Question: What are the biggest challenges for heterogeneous and distributed computing in C++ (DHPC++) for HPC? And how do we approach the solution?
What is the preferred way to expose massive parallelism: Directive based (OpenMP/ACC) (in C++, likely through attributes), thread/task based(TBB, Fibers, C++11 threads), explicit parallel API (C++ AMP/HCC, CUDA, SYCL, Kokkos, C++17 ParallelSTL), stream (for DSP and FPGA over continuous stream of data), dispatch (Networking TS using runtime executor of function object on remote device via network)
Is Performance Portability across heterogeneous devices really possible? Under what constraints?
Do you see this ever replacing MPI or OpenMP/ACC
What is the preferred Data movement if any: user directed with appropriate API (explicit e.g. most models) or runtime directed (implicit e.g. SYCL, C++AMP)
Should C++ change its memory model from flat/single cache coherent address space (OpenMP/ACC, HSA, OPenCL 2.x, C/C++) to Multiple hierchcical memory model (SYCL, C++AMP, OpenCL 1.x) or some other form like non-coherent single address space (CUDA)
Is there a preferred way of compiling source code for a sub-architecture/node (Separate source: OpenCL C,/C++, GLSL), Single Source (CUDA, OpenMP/ACC, SYCL, C++ AMP), Embedded DSL expressions constructed from C++ operator overloading (RapidMind, Halide). Should we support different separate host and device compilers instead of monolothic tool chain?
Should we design heterogeneous C++ programming models to accomodate hardware that lacks support for existing C++ features (i.e. virtual functions, unified memory, C+11 atomics, hardware floating point) or simply restrict support to more capable devices?
Parallel patterns: should we make greater use of them? can they be used for an intuitive API?
What challenges you have in adopting to Modern C++ (C++11/14/17) in HPC, whats missing, what doesn’t work, what does better in other languages, what works well, what would you say to the Standard committee to do for HPC
C++ lacks affinity, locality of reference, how should we add these support or should we? Should an offload node just be expressed as an affinity problem?
C++ prioritize standardizing heterogeneous, distributed, or both? Which is a higher priority?
How important is ISO standardized support for heterogeneous compute, as opposed to third-party extensions such as OpenMP or CUDA?
What about complexity of the language and programmer productivity?
What steps should we take to enable concurrent execution across heterogeneous computing resources, e.g. across a single STL data collection? How optimistic are you that we can accomplish this?
Features you might want in C++: Channels, pipelines,
How to describe the dimension/shape
What about data placement, layout, memory space, execution space
Is this still important given that Linux will support HMM and Nvidia has Unified Virtual Memory?
How important is exception handling for DHPC++ computing? Or should we use exception-less error handling?
Given that self-driving cars are supercomputer on wheels, do you feel we need to enhance DHPC++ for safety and security, i.e. in a modular fashon (HiHat?)
Could you tell us what you think about HPX as a C++ Standard Library for Concurrency and Parallelism ?
Follow-up to (3): Do you see portability layers (e.g.
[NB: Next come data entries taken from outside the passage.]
(* Suppose $L=cW$ with $c\in\mathbb{C}\setminus\{0\}$ and $W\in\mathbb{C}^{p\times p}$ unitary. Let $\mathcal A\in\mathbb{C}_p^{I_1\times\cdots\times I_N}$. For each $n$ let $\mathcal A_{(n)}=\mathcal U_n*\Sigma_n*\mathcal V_n^H$ be the t-SVD of the mode-$n$ unfolding, let $R_n$ be the t-rank of $\mathcal A_{(n)}$, let $\sigma^{(n)}_1,\dots,\sigma^{(n)}_{R_n}$ be the Frobenius norms of the nonzero diagonal tubal scalars $\Sigma_n(i,i)$, and fix integers $1\le I_n'\le R_n$. Define $\widehat{\mathcal U}_1,\dots,\widehat{\mathcal U}_N$ recursively: $\widehat{\mathcal U}_n\in\mathbb{C}_p^{I_n\times I_n'}$ is formed by the first $I_n'$ columns of the left unitary factor of the t-SVD of the tubal matrix $\big(\mathcal A*_1\widehat{\mathcal U}_1^H\cdots*_{n-1}\widehat{\mathcal U}_{n-1}^H\big)_{(n)}$ (for $n=1$, of $\mathcal A_{(1)}$). Let $\widehat{\mathcal S}=\mathcal A*_1\widehat{\mathcal U}_1^H\cdots*_N\widehat{\mathcal U}_N^H$ and $\widehat{\mathcal A}=\widehat{\mathcal S}*_1\widehat{\mathcal U}_1\cdots*_N\widehat{\mathcal U}_N$. Then $$\|\mathcal A-\widehat{\mathcal A}\|\le\sqrt{\sum_{n=1}^N\sum_{i=I_n'+1}^{R_n}(\sigma^{(n)}_i)^2}\le\sqrt N\,\big\|\mathcal A-\mathcal S*_1\mathcal W_1\cdots*_N\mathcal W_N\big\|$$ for every $\mathcal S\in\mathbb{C}_p^{I_1'\times\cdots\times I_N'}$ and all $\mathcal W_n\in\mathbb{C}_p^{I_n\times I_n'}$ with $\mathcal W_n^H*\mathcal W_n=\mathcal I_{I_n'}$.
   Context: Fix an integer $p\ge1$ and an invertible linear map $L:\mathbb{C}^p\to\mathbb{C}^p$. A tubal scalar is an element of $\mathbb{C}_p:=\mathbb{C}^p$. The tensor-tensor product of tubal scalars is $\mathbf a*\mathbf b=L^{-1}(L(\mathbf a)\odot L(\mathbf b))$, where $\odot$ is the componentwise product. A tubal matrix $\mathcal A\in\mathbb{C}_p^{I\times J}$ is an $I\times J$ array of tubal scalars; its $k$-th frontal slice $\mathcal A^{(k)}$ has entries $\mathcal A(i,j)^{(k)}$, and $L(\mathcal A)$ is obtained by applying $L$ to every entry. $(\mathcal A*\mathcal B)(i,k)=\sum_j\mathcal A(i,j)*\mathcal B(j,k)$; equivalently $L(\mathcal A*\mathcal B)^{(k)}=L(\mathcal A)^{(k)}L(\mathcal B)^{(k)}$. The identity $\mathcal I_I$ has $L(\mathcal I_I)^{(k)}$ equal to the $I\times I$ identity matrix for all $k$. The Hermitian transpose is defined by $L(\mathcal A^H)^{(k)}=(L(\mathcal A)^{(k)})^H$; $\mathcal A\in\mathbb{C}_p^{I\times I}$ is unitary if $\mathcal A*\mathcal A^H=\mathcal A^H*\mathcal A=\mathcal I_I$. A t-SVD of $\mathcal A\in\mathbb{C}_p^{I\times J}$ is the factorization $\mathcal A=\mathcal U*\Sigma*\mathcal V^H$ obtained by taking, for each $k$, a matrix SVD $L(\mathcal A)^{(k)}=U_kS_kV_k^H$ (with $U_k,V_k$ unitary, $S_k$ rectangular diagonal with singular values in nonincreasing order) and defining $L(\mathcal U)^{(k)}=U_k$, $L(\Sigma)^{(k)}=S_k$, $L(\mathcal V)^{(k)}=V_k$; $\mathcal U$ is its left unitary factor. The t-rank is the number of nonzero tubal scalars $\Sigma(i,i)$. A tubal tensor $\mathcal A\in\mathbb{C}_p^{I_1\times\cdots\times I_N}$ is an $N$-way array of tubal scalars; its mode-$n$ unfolding $\mathcal A_{(n)}\in\mathbb{C}_p^{I_n\times\prod_{m\neq n}I_m}$ has $\mathcal A_{(n)}(i_n,j)=\mathcal A(i_1,\dots,i_N)$ with $j=1+\sum_{k\neq n}(i_k-1)\prod_{m<k,\,m\neq n}I_m$. The $n$-mode product is $(\mathcal A*_n\mathcal U)(i_1,\dots,i_{n-1},j,i_{n+1},\dots,i_N)=\sum_{i_n}\mathcal A(i_1,\dots,i_N)*\mathcal U(j,i_n)$; repeated products are evaluated left to right. $\|\cdot\|$ is the Frobenius norm (Euclidean norm of all complex entries of the underlying array). *)

theory Defs
  imports "HOL-Analysis.Analysis"
begin

text \<open>Tubal scalars are vectors of type complex^'p (p = CARD('p)); the transform L is a
 p x p complex matrix acting by matrix-vector multiplication. Tubal matrices of size I x J are
 functions nat => nat => tubal scalar (0-based indices, only i < I, j < J matter); tubal tensors
 are functions from index lists (0-based) to tubal scalars.\<close>

definition cadj :: "complex^'n^'m \<Rightarrow> complex^'m^'n" where
  "cadj M = (\<chi> i j. cnj (M $ j $ i))"

definition unitary_mat :: "complex^'n^'n \<Rightarrow> bool" where
  "unitary_mat W \<longleftrightarrow> W ** cadj W = mat 1 \<and> cadj W ** W = mat 1"

definition tprod :: "complex^'p^'p \<Rightarrow> complex^'p \<Rightarrow> complex^'p \<Rightarrow> complex^'p" where
  "tprod L a b = matrix_inv L *v ((L *v a) * (L *v b))"

definition tconj :: "complex^'p^'p \<Rightarrow> complex^'p \<Rightarrow> complex^'p" where
  "tconj L a = matrix_inv L *v (\<chi> k. cnj ((L *v a) $ k))"

definition tone :: "complex^'p^'p \<Rightarrow> complex^'p" where
  "tone L = matrix_inv L *v 1"

type_synonym 'p tmat = "nat \<Rightarrow> nat \<Rightarrow> complex^('p::finite)"
type_synonym 'p ttensor = "nat list \<Rightarrow> complex^('p::finite)"

definition tmatmul :: "complex^'p^'p \<Rightarrow> nat \<Rightarrow> 'p tmat \<Rightarrow> 'p tmat \<Rightarrow> 'p tmat" where
  "tmatmul L K A B = (\<lambda>i k. \<Sum>j<K. tprod L (A i j) (B j k))"

definition tident :: "complex^'p^'p \<Rightarrow> 'p tmat" where
  "tident L = (\<lambda>i j. if i = j then tone L else 0)"

definition tH :: "complex^'p^'p \<Rightarrow> 'p tmat \<Rightarrow> 'p tmat" where
  "tH L A = (\<lambda>i j. tconj L (A j i))"

definition slice :: "complex^'p^'p \<Rightarrow> 'p tmat \<Rightarrow> 'p \<Rightarrow> nat \<Rightarrow> nat \<Rightarrow> complex" where
  "slice L A k = (\<lambda>i j. (L *v A i j) $ k)"

definition unitary_on :: "nat \<Rightarrow> (nat \<Rightarrow> nat \<Rightarrow> complex) \<Rightarrow> bool" where
  "unitary_on n M \<longleftrightarrow>
     (\<forall>i<n. \<forall>j<n. (\<Sum>l<n. M i l * cnj (M j l)) = (if i = j then 1 else 0)) \<and>
     (\<forall>i<n. \<forall>j<n. (\<Sum>l<n. cnj (M l i) * M l j) = (if i = j then 1 else 0))"

definition is_svd :: "nat \<Rightarrow> nat \<Rightarrow> (nat \<Rightarrow> nat \<Rightarrow> complex) \<Rightarrow> (nat \<Rightarrow> nat \<Rightarrow> complex)
    \<Rightarrow> (nat \<Rightarrow> nat \<Rightarrow> complex) \<Rightarrow> (nat \<Rightarrow> nat \<Rightarrow> complex) \<Rightarrow> bool" where
  "is_svd I J A U S V \<longleftrightarrow>
     unitary_on I U \<and> unitary_on J V \<and>
     (\<forall>i<I. \<forall>j<J. i \<noteq> j \<longrightarrow> S i j = 0) \<and>
     (\<forall>i<min I J. S i i \<in> \<real> \<and> 0 \<le> Re (S i i)) \<and>
     (\<forall>i. Suc i < min I J \<longrightarrow> Re (S (Suc i) (Suc i)) \<le> Re (S i i)) \<and>
     (\<forall>i<I. \<forall>j<J. A i j = (\<Sum>a<I. \<Sum>b<J. U i a * S a b * cnj (V j b)))"

definition tsvd :: "complex^'p^'p \<Rightarrow> nat \<Rightarrow> nat \<Rightarrow> 'p tmat \<Rightarrow> 'p tmat \<Rightarrow> 'p tmat \<Rightarrow> 'p tmat \<Rightarrow> bool" where
  "tsvd L I J A U S V \<longleftrightarrow> (\<forall>k. is_svd I J (slice L A k) (slice L U k) (slice L S k) (slice L V k))"

definition trank :: "nat \<Rightarrow> nat \<Rightarrow> ('p::finite) tmat \<Rightarrow> nat" where
  "trank I J S = card {i. i < min I J \<and> S i i \<noteq> 0}"

definition tidx :: "nat list \<Rightarrow> nat list set" where
  "tidx dims = {is. length is = length dims \<and> (\<forall>m<length dims. is ! m < dims ! m)}"

definition tnorm :: "nat list \<Rightarrow> ('p::finite) ttensor \<Rightarrow> real" where
  "tnorm dims X = sqrt (\<Sum>is\<in>tidx dims. (norm (X is))\<^sup>2)"

text \<open>mode-n unfolding (0-based): column j encodes the other indices, lower modes fastest,
 j = sum_{k<>n} i_k * prod_{m<k, m<>n} I_m\<close>
definition unfold_idx :: "nat list \<Rightarrow> nat \<Rightarrow> nat \<Rightarrow> nat \<Rightarrow> nat list" where
  "unfold_idx dims n i j =
     map (\<lambda>k. if k = n then i
              else (j div (\<Prod>m\<in>{m. m < k \<and> m \<noteq> n}. dims ! m)) mod (dims ! k))
         [0..<length dims]"

definition unfold_cols :: "nat list \<Rightarrow> nat \<Rightarrow> nat" where
  "unfold_cols dims n = (\<Prod>m\<in>{m. m < length dims \<and> m \<noteq> n}. dims ! m)"

definition unfold :: "nat list \<Rightarrow> nat \<Rightarrow> ('p::finite) ttensor \<Rightarrow> 'p tmat" where
  "unfold dims n A = (\<lambda>i j. A (unfold_idx dims n i j))"

text \<open>n-mode product (0-based mode n, Idim = size of mode n of A):
  (A *_n U)(.., j, ..) = sum_{r<Im} A(.., r, ..) * U(j, r)\<close>
definition nmode :: "complex^'p^'p \<Rightarrow> nat \<Rightarrow> nat \<Rightarrow> 'p ttensor \<Rightarrow> 'p tmat \<Rightarrow> 'p ttensor" where
  "nmode L Idim n A U = (\<lambda>is. \<Sum>r<Idim. tprod L (A (is[n := r])) (U (is ! n) r))"

text \<open>A *_1 M_1 ... *_m M_m (modes 0..m-1, left to right); dims = original dimensions of A\<close>
fun mmodes :: "complex^'p^'p \<Rightarrow> nat list \<Rightarrow> 'p ttensor \<Rightarrow> (nat \<Rightarrow> 'p tmat) \<Rightarrow> nat \<Rightarrow> 'p ttensor" where
  "mmodes L dims A M 0 = A"
| "mmodes L dims A M (Suc m) = nmode L (dims ! m) m (mmodes L dims A M m) (M m)"

definition dims_after :: "nat list \<Rightarrow> nat list \<Rightarrow> nat \<Rightarrow> nat list" where
  "dims_after I I' n = map (\<lambda>k. if k < n then I' ! k else I ! k) [0..<length I]"

end

theory Submission
  imports Defs
begin

text \<open>Since \<open>L = c W\<close> with \<open>W\<close> unitary, \<open>L\<close> multiplies Frobenius norms by \<open>|c|\<close>, and every
  operation in the statement acts frontal slice by frontal slice in the transform domain.  Both
  inequalities therefore reduce to statements about complex tensors, summed over the \<open>p\<close> slices.

  For a complex tensor the error of the sequentially truncated HOSVD telescopes into the
  projection residuals of the successive modes, which are mutually orthogonal.  The \<open>n\<close>-th
  residual is the tail of the singular values of the partially projected mode-\<open>n\<close> unfolding; since
  the earlier projections are contractions commuting with the projection in mode \<open>n\<close>, it is
  bounded by the tail of the mode-\<open>n\<close> singular values of \<open>A\<close> itself.  Each of these \<open>N\<close> tails is in
  turn at most the squared distance from \<open>A\<close> to any tensor of multilinear rank
  \<open>(I'\<^sub>1, \<dots>, I'\<^sub>N)\<close>, by Eckart--Young for the mode-\<open>n\<close> unfolding.\<close>

section \<open>Orthonormal columns\<close>

definition orthonormal_cols :: "'a set \<Rightarrow> 'b set \<Rightarrow> ('a \<Rightarrow> 'b \<Rightarrow> complex) \<Rightarrow> bool" where
  "orthonormal_cols S T W \<longleftrightarrow>
     (\<forall>a\<in>T. \<forall>b\<in>T. (\<Sum>i\<in>S. cnj (W i a) * W i b) = (if a = b then 1 else 0))"

lemma of_real_sum_norm_sq: "complex_of_real (\<Sum>i\<in>S. (cmod (f i))\<^sup>2) = (\<Sum>i\<in>S. f i * cnj (f i))"
  by (simp only: of_real_sum complex_norm_square)

lemma sum_norm_sq_eqI:
  assumes "(\<Sum>i\<in>S. f i * cnj (f i)) = (\<Sum>i\<in>T. g i * cnj (g i))"
  shows "(\<Sum>i\<in>S. (cmod (f i))\<^sup>2) = (\<Sum>i\<in>T. (cmod (g i))\<^sup>2)"
  using assms unfolding of_real_sum_norm_sq[symmetric] of_real_eq_iff .

lemma orthonormal_colsD:
  "orthonormal_cols S T W \<Longrightarrow> a \<in> T \<Longrightarrow> b \<in> T \<Longrightarrow>
     (\<Sum>i\<in>S. cnj (W i a) * W i b) = (if a = b then 1 else 0)"
  unfolding orthonormal_cols_def by blast

lemma orthonormal_cols_cnj:
  assumes "orthonormal_cols S T W"
  shows "orthonormal_cols S T (\<lambda>i j. cnj (W i j))"
  unfolding orthonormal_cols_def
proof (intro ballI)
  fix a b assume "a \<in> T" "b \<in> T"
  then have "cnj (\<Sum>i\<in>S. cnj (W i a) * W i b) = (if a = b then 1 else 0)"
    using orthonormal_colsD[OF assms] by simp
  then show "(\<Sum>i\<in>S. cnj (cnj (W i a)) * cnj (W i b)) = (if a = b then 1 else 0)"
    by (simp add: mult.commute)
qed

lemma unitary_on_orthonormal_cols:
  "unitary_on n U \<Longrightarrow> r \<le> n \<Longrightarrow> orthonormal_cols {..<n} {..<r} U"
  unfolding unitary_on_def orthonormal_cols_def by auto

lemma unitary_on_orthonormal_rows:
  assumes "unitary_on n U"
  shows "orthonormal_cols {..<n} {..<n} (\<lambda>i j. U j i)"
  unfolding orthonormal_cols_def
proof (intro ballI)
  fix a b assume "a \<in> {..<n}" "b \<in> {..<n}"
  then have "(\<Sum>l<n. U b l * cnj (U a l)) = (if b = a then 1 else 0)"
    using assms unfolding unitary_on_def by auto
  then show "(\<Sum>l<n. cnj (U a l) * U b l) = (if a = b then 1 else 0)"
    by (auto simp: mult.commute)
qed

lemma orthonormal_cols_inner:
  assumes T: "finite T" and W: "orthonormal_cols S T W"
  shows "(\<Sum>i\<in>S. (\<Sum>l\<in>T. W i l * m l) * cnj (\<Sum>l\<in>T. W i l * m' l)) = (\<Sum>l\<in>T. m l * cnj (m' l))"
proof -
  have "(\<Sum>i\<in>S. (\<Sum>l\<in>T. W i l * m l) * cnj (\<Sum>l\<in>T. W i l * m' l))
      = (\<Sum>l\<in>T. \<Sum>l'\<in>T. m l * cnj (m' l') * (\<Sum>i\<in>S. cnj (W i l') * W i l))"
    by (simp add: sum_product mult_ac, subst sum.swap) (simp add: sum_distrib_left sum.swap[of _ S])
  also have "\<dots> = (\<Sum>l\<in>T. \<Sum>l'\<in>T. m l * cnj (m' l') * (if l' = l then 1 else 0))"
    by (intro sum.cong refl) (simp add: orthonormal_colsD[OF W])
  also have "\<dots> = (\<Sum>l\<in>T. m l * cnj (m' l))"
    using T by (simp add: if_distrib cong: if_cong)
  finally show ?thesis .
qed

lemma orthonormal_cols_norm:
  assumes "finite T" and "orthonormal_cols S T W"
  shows "(\<Sum>i\<in>S. (cmod (\<Sum>l\<in>T. W i l * m l))\<^sup>2) = (\<Sum>l\<in>T. (cmod (m l))\<^sup>2)"
  by (rule sum_norm_sq_eqI) (rule orthonormal_cols_inner[OF assms])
Kokkos) being required as HPC plarforms diverge?
How far are we from having a true C++ distributed, parallel runtime and library which could compete with and beat MPI?
How about having a helping guidline for people used to write Fortran scientific code to cover their code to modern C++ without the harm of performance ?
How do we express vector constructs such as "vector permute" without resorting to (non-portable) instrinsics?
Thoughts on embedded domain specific languages for parallelism
Is Heterogeneous computing a subcase of distributed computing, can we combine them
Asynchronous algorithm and futures, how important are they to DHPC++
What is the feature of your work that you feel is the most important to be added to future ISO C++ DHPC++
Would you want this work to be done for a TS or straight into ISO C++? How would you feel if your work disappears into ISO C++?
Should asynchrony have first-class support in C++, e.g. for allocation, invocation, data movement, error handling?
Should we support real-time dynamic onlining and offlining of devices (plastic parallelism), and how would we do that? What about selection based on energy consumption, safety security requirements?
What is the easiest programming model to learn and use among yours?
Is there a chance that we won't end up with several standards for single-source C++ proggraming, locked to specific vendors (CUDA, AMD HC, SYCL)?
Is SYCL easier than OpenCL?
What future has SYCL in the HPC market without any support from major GPU vendors?